» **Work to complete**
When the line containing "iI] by auto" appears in the listing below, set it down along with each later line through the end, exactly as written, and nothing before it.

» **Provided data**
(* Consider companies $i$ with parameters $\pi^0_i,\pi^1_i,\gamma_i>0$, $\mathrm{E}^{\mathrm{bau}}_i=\pi^0_i/\pi^1_i$, $\varrho_i=1/\pi^1_i+1/\gamma_i$, and a penalty $\lambda>0$ with $\lambda\varrho_i<\mathrm{E}^{\mathrm{bau}}_i$ for all $i$. Under the market scheme, for each company $i$: (1) If company $i$ purchases certificates directly at a given spot price $S$, its optimal demand is $\bm{\delta_i}(\bm{P_i}(S))=\bm{\delta_i}(S)=\mathrm{E}^{\mathrm{bau}}_i-S\varrho_i$. (2) If company $i$ purchases through a financial intermediary, then under the feasibility assumption $0<S\le2\lambda-\max_j(\mathrm{E}^{\mathrm{bau}}_j/\varrho_j)$ on the spot price $S$, the intermediated price is $\bm{P_i}(S)=\tfrac12(S+\mathrm{E}^{\mathrm{bau}}_i/\varrho_i)$, and the company's optimal demand at this price is $\bm{\delta_i}(\bm{P_i}(S))=\tfrac12(\mathrm{E}^{\mathrm{bau}}_i-S\varrho_i)$.
   Context: Company $i$ has raw wealth $\pi_i(q)=\pi^0_iq-\tfrac{\pi^1_i}{2}q^2$, emissions $q$ reduced to $e^{-a}q$ at green cost $\tfrac{\gamma_i}{2}[(1-e^{-a})q]^2$. Facing a certificate price $P$, it maximizes $\pi_i(q)-\tfrac{\gamma_i}{2}[(1-e^{-a})q]^2-\delta P-\lambda(e^{-a}q-\delta)^+$ over $(q,a,\delta)$; its optimal certificate demand is denoted $\bm{\delta_i}(P)$ (equal to $\mathrm{E}^{\mathrm{bau}}_i-P\varrho_i$ for $0<P\le\lambda$). When buying directly at the auction, $\bm{P_i}(S)=S$. When buying through a financial intermediary that buys at spot price $S$, the intermediary sets $\bm{P_i}(S)=\arg\max_{P\in[S,\lambda]}\bm{\delta_i}(P)(P-S)$. *)

theory Defs
  imports Complex_Main
begin

definition raw_wealth :: "real \<Rightarrow> real \<Rightarrow> real \<Rightarrow> real" where
  "raw_wealth p0 p1 q = p0 * q - p1 / 2 * q\<^sup>2"

definition objective ::
  "real \<Rightarrow> real \<Rightarrow> real \<Rightarrow> real \<Rightarrow> real \<Rightarrow> real \<Rightarrow> real \<Rightarrow> real \<Rightarrow> real" where
  "objective p0 p1 g lam P q a d =
     raw_wealth p0 p1 q - g / 2 * ((1 - exp (- a)) * q)\<^sup>2 - d * P
     - lam * max 0 (exp (- a) * q - d)"

definition admissible :: "real \<Rightarrow> real \<Rightarrow> real \<Rightarrow> bool" where
  "admissible q a d \<longleftrightarrow> q \<ge> 0 \<and> a \<ge> 0 \<and> d \<ge> 0"

definition optimal_demands :: "real \<Rightarrow> real \<Rightarrow> real \<Rightarrow> real \<Rightarrow> real \<Rightarrow> real set" where
  "optimal_demands p0 p1 g lam P =
     {d. \<exists>q a. admissible q a d \<and>
          (\<forall>q' a' d'. admissible q' a' d' \<longrightarrow>
             objective p0 p1 g lam P q' a' d' \<le> objective p0 p1 g lam P q a d)}"

text \<open>Optimal certificate demand delta_i(P). For P < lambda the optimal d is unique;
  at P = lambda every d up to the emission level is optimal and we take the largest one
  (convention: Sup).\<close>
definition demand :: "real \<Rightarrow> real \<Rightarrow> real \<Rightarrow> real \<Rightarrow> real \<Rightarrow> real" where
  "demand p0 p1 g lam P = Sup (optimal_demands p0 p1 g lam P)"

definition direct_price :: "real \<Rightarrow> real" where
  "direct_price S = S"

definition intermediary_price :: "real \<Rightarrow> real \<Rightarrow> real \<Rightarrow> real \<Rightarrow> real \<Rightarrow> real" where
  "intermediary_price p0 p1 g lam S =
     (THE P. P \<in> {S..lam} \<and>
        (\<forall>P'\<in>{S..lam}. demand p0 p1 g lam P' * (P' - S) \<le> demand p0 p1 g lam P * (P - S)))"

definition Ebau :: "real \<Rightarrow> real \<Rightarrow> real" where
  "Ebau p0 p1 = p0 / p1"

definition rho :: "real \<Rightarrow> real \<Rightarrow> real" where
  "rho p1 g = 1 / p1 + 1 / g"

end

theory Submission imports Defs begin

text \<open>Completing the squares in the objective shows that, for \<open>0 \<le> P \<le> lam\<close>, the company
  can do no better than the unconstrained optimum \<open>q = (p0 - P)/p1\<close>, \<open>(1 - exp (-a)) q = P/g\<close>,
  and that for \<open>P > 0\<close> it must then buy exactly its residual emissions
  \<open>exp (-a) q = Ebau - P rho\<close>. The intermediary thus faces a linear demand, and its revenue
  \<open>(Ebau - P rho)(P - S)\<close> is a concave parabola in \<open>P\<close> whose vertex \<open>(S + Ebau/rho)/2\<close>
  lies in \<open>[S, lam]\<close> under the feasibility assumption on \<open>S\<close>.\<close>

definition max_objective :: "real \<Rightarrow> real \<Rightarrow> real \<Rightarrow> real \<Rightarrow> real" where
  "max_objective p0 p1 g P = (p0 - P)\<^sup>2 / (2 * p1) + P\<^sup>2 / (2 * g)"

lemma Ebau_minus_rho_eq: "Ebau p0 p1 - P * rho p1 g = (p0 - P) / p1 - P / g"
  by (simp add: Ebau_def rho_def diff_divide_distrib algebra_simps)

lemma rho_pos: "p1 > 0 \<Longrightarrow> g > 0 \<Longrightarrow> rho p1 g > 0"
  by (simp add: rho_def add_pos_pos)

lemma residual_emissions_pos:
  assumes "p1 > 0" "g > 0" "P \<le> lam" "lam * rho p1 g < Ebau p0 p1"
  shows "P * rho p1 g < Ebau p0 p1"
  using mult_right_mono[OF assms(3) less_imp_le[OF rho_pos[OF assms(1,2)]]] assms(4) by linarith

lemma objective_completed_square:
  assumes "p1 > 0" "g > 0"
  shows "objective p0 p1 g lam P q a d =
     max_objective p0 p1 g P - p1 / 2 * (q - (p0 - P) / p1)\<^sup>2
     - g / 2 * ((1 - exp (- a)) * q - P / g)\<^sup>2
     - (P * (d - exp (- a) * q) + lam * max 0 (exp (- a) * q - d))"
  using assms unfolding objective_def raw_wealth_def max_objective_def
  by (simp add: field_simps power2_eq_square)

lemma certificate_cost_nonneg:
  fixes P lam d e :: real
  assumes "0 \<le> P" "P \<le> lam"
  shows "0 \<le> P * (d - e) + lam * max 0 (e - d)"
proof (cases "e \<le> d")
  case True
  then show ?thesis using assms by (simp add: max_def)
next
  case False
  then have "P * (d - e) + lam * max 0 (e - d) = (lam - P) * (e - d)"
    by (simp add: max_def algebra_simps)
  then show ?thesis using False assms by simp
qed

lemma objective_le_max_objective:
  assumes "p1 > 0" "g > 0" "0 \<le> P" "P \<le> lam"
  shows "objective p0 p1 g lam P q a d \<le> max_objective p0 p1 g P"
proof -
  have "0 \<le> p1 / 2 * (q - (p0 - P) / p1)\<^sup>2" "0 \<le> g / 2 * ((1 - exp (- a)) * q - P / g)\<^sup>2"
    using assms(1,2) by simp_all
  then show ?thesis
    using objective_completed_square[OF assms(1,2), of p0 lam P q a d]
      certificate_cost_nonneg[OF assms(3,4), of d "exp (- a) * q"] by linarith
qed

lemma max_objective_attained:
  assumes p1: "p1 > 0" and g: "g > 0" and P: "0 \<le> P"
    and residual_pos: "P * rho p1 g < Ebau p0 p1"
  shows "\<exists>q a. admissible q a (Ebau p0 p1 - P * rho p1 g)
           \<and> objective p0 p1 g lam P q a (Ebau p0 p1 - P * rho p1 g) = max_objective p0 p1 g P"
proof -
  define q where "q = (p0 - P) / p1"
  define e where "e = Ebau p0 p1 - P * rho p1 g"
  have e_eq: "e = q - P / g"
    by (simp add: e_def q_def Ebau_minus_rho_eq)
  have e_pos: "e > 0" using residual_pos by (simp add: e_def)
  have "P / g \<ge> 0" using P g by simp
  then have q_ge: "q \<ge> e" using e_eq by simp
  define a where "a = ln (q / e)"
  have exp_a: "exp (- a) * q = e"
    using e_pos q_ge by (simp add: a_def exp_minus)
  have "admissible q a e"
    using e_pos q_ge by (simp add: admissible_def a_def)
  moreover have "objective p0 p1 g lam P q a e = max_objective p0 p1 g P"
  proof -
    have "(1 - exp (- a)) * q - P / g = 0" using exp_a e_eq by (simp add: algebra_simps)
    moreover have "q - (p0 - P) / p1 = 0" by (simp add: q_def)
    ultimately show ?thesis
      using objective_completed_square[OF p1 g, of p0 lam P q a e] exp_a by simp
  qed
  ultimately show ?thesis unfolding e_def by blast
qed

lemma optimal_demands_le_residual_emissions:
  assumes p1: "p1 > 0" and g: "g > 0" and P: "0 < P" "P \<le> lam"
    and residual_pos: "P * rho p1 g < Ebau p0 p1"
    and d: "d \<in> optimal_demands p0 p1 g lam P"
  shows "d \<le> Ebau p0 p1 - P * rho p1 g"
proof -
  obtain q' a' where adm': "admissible q' a' (Ebau p0 p1 - P * rho p1 g)"
    and max': "objective p0 p1 g lam P q' a' (Ebau p0 p1 - P * rho p1 g) = max_objective p0 p1 g P"
    using max_objective_attained[OF p1 g _ residual_pos] P by fastforce
  obtain q a where "admissible q a d"
    and "objective p0 p1 g lam P q' a' (Ebau p0 p1 - P * rho p1 g) \<le> objective p0 p1 g lam P q a d"
    using d adm' unfolding optimal_demands_def by blast
  then have "max_objective p0 p1 g P \<le> objective p0 p1 g lam P q a d"
    using max' by simp
  moreover have "0 \<le> p1 / 2 * (q - (p0 - P) / p1)\<^sup>2"
    and "0 \<le> g / 2 * ((1 - exp (- a)) * q - P / g)\<^sup>2"
    using p1 g by simp_all
  moreover note objective_completed_square[OF p1 g, of p0 lam P q a d]
    certificate_cost_nonneg[of P lam d "exp (- a) * q"]
  ultimately have "p1 / 2 * (q - (p0 - P) / p1)\<^sup>2 = 0"
    and "g / 2 * ((1 - exp (- a)) * q - P / g)\<^sup>2 = 0"
    and cost: "P * (d - exp (- a) * q) + lam * max 0 (exp (- a) * q - d) \<le> 0"
    using P by linarith+
  then have q: "q = (p0 - P) / p1" and abated: "(1 - exp (- a)) * q = P / g"
    using p1 g by auto
  from abated have "exp (- a) * q = q - P / g"
    by (simp add: algebra_simps)
  then have residual: "exp (- a) * q = Ebau p0 p1 - P * rho p1 g"
    unfolding Ebau_minus_rho_eq q .
  have "0 \<le> lam * max 0 (exp (- a) * q - d)"
    using P by simp
  then have "P * (d - (Ebau p0 p1 - P * rho p1 g)) \<le> 0"
    using cost unfolding residual by linarith
  then show ?thesis
    using P by (simp add: mult_le_0_iff)
qed

lemma demand_eq_residual_emissions:
  assumes p1: "p1 > 0" and g: "g > 0" and P: "0 < P" "P \<le> lam"
    and residual_pos: "P * rho p1 g < Ebau p0 p1"
  shows "demand p0 p1 g lam P = Ebau p0 p1 - P * rho p1 g"
  unfolding demand_def
proof (rule cSup_eq_maximum)
  obtain q a where adm: "admissible q a (Ebau p0 p1 - P * rho p1 g)"
    and max: "objective p0 p1 g lam P q a (Ebau p0 p1 - P * rho p1 g) = max_objective p0 p1 g P"
    using max_objective_attained[OF p1 g _ residual_pos] P by fastforce
  have "objective p0 p1 g lam P q' a' d' \<le> objective p0 p1 g lam P q a (Ebau p0 p1 - P * rho p1 g)"
    for q' a' d'
    using objective_le_max_objective[OF p1 g, of P lam p0 q' a' d'] P max by simp
  with adm show "Ebau p0 p1 - P * rho p1 g \<in> optimal_demands p0 p1 g lam P"
    unfolding optimal_demands_def by blast
next
  show "d \<le> Ebau p0 p1 - P * rho p1 g" if "d \<in> optimal_demands p0 p1 g lam P" for d
    using optimal_demands_le_residual_emissions[OF p1 g P residual_pos that] .
qed

lemma argmax_linear_revenue:
  fixes D :: "real \<Rightarrow> real"
  assumes r: "r > 0"
    and D: "\<And>P. P \<in> {S..lam} \<Longrightarrow> D P = E - P * r"
    and vertex: "(S + E / r) / 2 \<in> {S..lam}"
  shows "(THE P. P \<in> {S..lam} \<and> (\<forall>P'\<in>{S..lam}. D P' * (P' - S) \<le> D P * (P - S)))
         = (S + E / r) / 2"
proof -
  define V where "V = (S + E / r) / 2"
  have V: "V \<in> {S..lam}" using vertex by (simp add: V_def)
  have revenue: "D P * (P - S) = D V * (V - S) - r * (P - V)\<^sup>2" if "P \<in> {S..lam}" for P
  proof -
    have E: "E = r * (2 * V - S)" using r by (simp add: V_def field_simps)
    have DV: "D V = r * (2 * V - S) - V * r" using D[OF V] by (simp add: E)
    have DP: "D P = r * (2 * V - S) - P * r" using D[OF that] by (simp add: E)
    show ?thesis unfolding DV DP by (simp add: power2_eq_square algebra_simps)
  qed
  show ?thesis
    unfolding V_def[symmetric]
  proof (rule the_equality)
    have "D P' * (P' - S) \<le> D V * (V - S)" if "P' \<in> {S..lam}" for P'
      using revenue[OF that] r by (simp add: mult_nonneg_nonneg)
    with V show "V \<in> {S..lam} \<and> (\<forall>P'\<in>{S..lam}. D P' * (P' - S) \<le> D V * (V - S))"
      by blast
  next
    fix P assume "P \<in> {S..lam} \<and> (\<forall>P'\<in>{S..lam}. D P' * (P' - S) \<le> D P * (P - S))"
    then have P: "P \<in> {S..lam}" and "D V * (V - S) \<le> D P * (P - S)"
      using V by auto
    then have "r * (P - V)\<^sup>2 \<le> 0"
      using revenue[OF P] by linarith
    then show "P = V" using r by (simp add: mult_le_0_iff)
  qed
qed

lemma intermediary_price_eq_vertex:
  assumes p1: "p1 > 0" and g: "g > 0" and S: "0 < S"
    and feasible: "S + Ebau p0 p1 / rho p1 g \<le> 2 * lam"
    and lam_small: "lam * rho p1 g < Ebau p0 p1"
  shows "intermediary_price p0 p1 g lam S = (S + Ebau p0 p1 / rho p1 g) / 2"
  unfolding intermediary_price_def
proof (rule argmax_linear_revenue)
  show r: "rho p1 g > 0" using rho_pos[OF p1 g] .
  then have "lam < Ebau p0 p1 / rho p1 g" using lam_small by (simp add: field_simps)
  then show "(S + Ebau p0 p1 / rho p1 g) / 2 \<in> {S..lam}" using feasible by simp
  show "demand p0 p1 g lam P = Ebau p0 p1 - P * rho p1 g" if "P \<in> {S..lam}" for P
    using that S demand_eq_residual_emissions[OF p1 g _ _ residual_emissions_pos[OF p1 g _ lam_small]]
    by simp
qed

lemma demand_at_intermediary_price:
  assumes p1: "p1 > 0" and g: "g > 0" and S: "0 < S"
    and feasible: "S + Ebau p0 p1 / rho p1 g \<le> 2 * lam"
    and lam_small: "lam * rho p1 g < Ebau p0 p1"
  shows "demand p0 p1 g lam (intermediary_price p0 p1 g lam S) = (Ebau p0 p1 - S * rho p1 g) / 2"
proof -
  have r: "rho p1 g > 0" using rho_pos[OF p1 g] .
  then have "lam < Ebau p0 p1 / rho p1 g" using lam_small by (simp add: field_simps)
  then have "0 < (S + Ebau p0 p1 / rho p1 g) / 2" "(S + Ebau p0 p1 / rho p1 g) / 2 \<le> lam"
    using S feasible by simp_all
  then have "demand p0 p1 g lam ((S + Ebau p0 p1 / rho p1 g) / 2)
      = Ebau p0 p1 - (S + Ebau p0 p1 / rho p1 g) / 2 * rho p1 g"
    using demand_eq_residual_emissions[OF p1 g _ _ residual_emissions_pos[OF p1 g _ lam_small]]
    by blast
  also have "\<dots> = (Ebau p0 p1 - S * rho p1 g) / 2"
    using r by (simp add: field_simps)
  finally show ?thesis
    unfolding intermediary_price_eq_vertex[OF assms] .
qed

theorem proposition2p6:
  fixes I :: "'c set" and p0 p1 g :: "'c \<Rightarrow> real" and lam S :: real and i :: 'c
  assumes finI: "finite I" and iI: "i \<in> I"
    and pos: "\<And>j. j \<in> I \<Longrightarrow> p0 j > 0 \<and> p1 j > 0 \<and> g j > 0"
    and lam_pos: "lam > 0"
    and lam_small: "\<And>j. j \<in> I \<Longrightarrow> lam * rho (p1 j) (g j) < Ebau (p0 j) (p1 j)"
  shows "(0 < S \<and> S \<le> lam \<longrightarrow>
            demand (p0 i) (p1 i) (g i) lam (direct_price S) = demand (p0 i) (p1 i) (g i) lam S
          \<and> demand (p0 i) (p1 i) (g i) lam S = Ebau (p0 i) (p1 i) - S * rho (p1 i) (g i))
       \<and> (0 < S \<and> S \<le> 2 * lam - (MAX j\<in>I. Ebau (p0 j) (p1 j) / rho (p1 j) (g j)) \<longrightarrow>
            intermediary_price (p0 i) (p1 i) (g i) lam S
              = (S + Ebau (p0 i) (p1 i) / rho (p1 i) (g i)) / 2
          \<and> demand (p0 i) (p1 i) (g i) lam (intermediary_price (p0 i) (p1 i) (g i) lam S)
              = (Ebau (p0 i) (p1 i) - S * rho (p1 i) (g i)) / 2)"
proof -
  have p1: "p1 i > 0" and g: "g i > 0" using pos[OF iI] by auto
  have feasible: "S + Ebau (p0 i) (p1 i) / rho (p1 i) (g i) \<le> 2 * lam"
    if "S \<le> 2 * lam - (MAX j\<in>I. Ebau (p0 j) (p1 j) / rho (p1 j) (g j))"
  proof -
    have "Ebau (p0 i) (p1 i) / rho (p1 i) (g i) \<le> (MAX j\<in>I. Ebau (p0 j) (p1 j) / rho (p1 j) (g j))"
      using finI iI by (intro Max_ge) auto
    then show ?thesis using that by linarith
  qed
  show ?thesis
    using demand_eq_residual_emissions[OF p1 g _ _ residual_emissions_pos[OF p1 g _ lam_small[OF iI]]]
      intermediary_price_eq_vertex[OF p1 g _ feasible lam_small[OF iI]]
      demand_at_intermediary_price[OF p1 g _ feasible lam_small[OF iI]]
    by (simp add: direct_price_def)
qed

end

» **Written answer**
  have p1: "p1 i > 0" and g: "g i > 0" using pos[OF iI] by auto
  have feasible: "S + Ebau (p0 i) (p1 i) / rho (p1 i) (g i) \<le> 2 * lam"
    if "S \<le> 2 * lam - (MAX j\<in>I. Ebau (p0 j) (p1 j) / rho (p1 j) (g j))"
  proof -
    have "Ebau (p0 i) (p1 i) / rho (p1 i) (g i) \<le> (MAX j\<in>I. Ebau (p0 j) (p1 j) / rho (p1 j) (g j))"
      using finI iI by (intro Max_ge) auto
    then show ?thesis using that by linarith
  qed
  show ?thesis
    using demand_eq_residual_emissions[OF p1 g _ _ residual_emissions_pos[OF p1 g _ lam_small[OF iI]]]
      intermediary_price_eq_vertex[OF p1 g _ feasible lam_small[OF iI]]
      demand_at_intermediary_price[OF p1 g _ feasible lam_small[OF iI]]
    by (simp add: direct_price_def)
qed

end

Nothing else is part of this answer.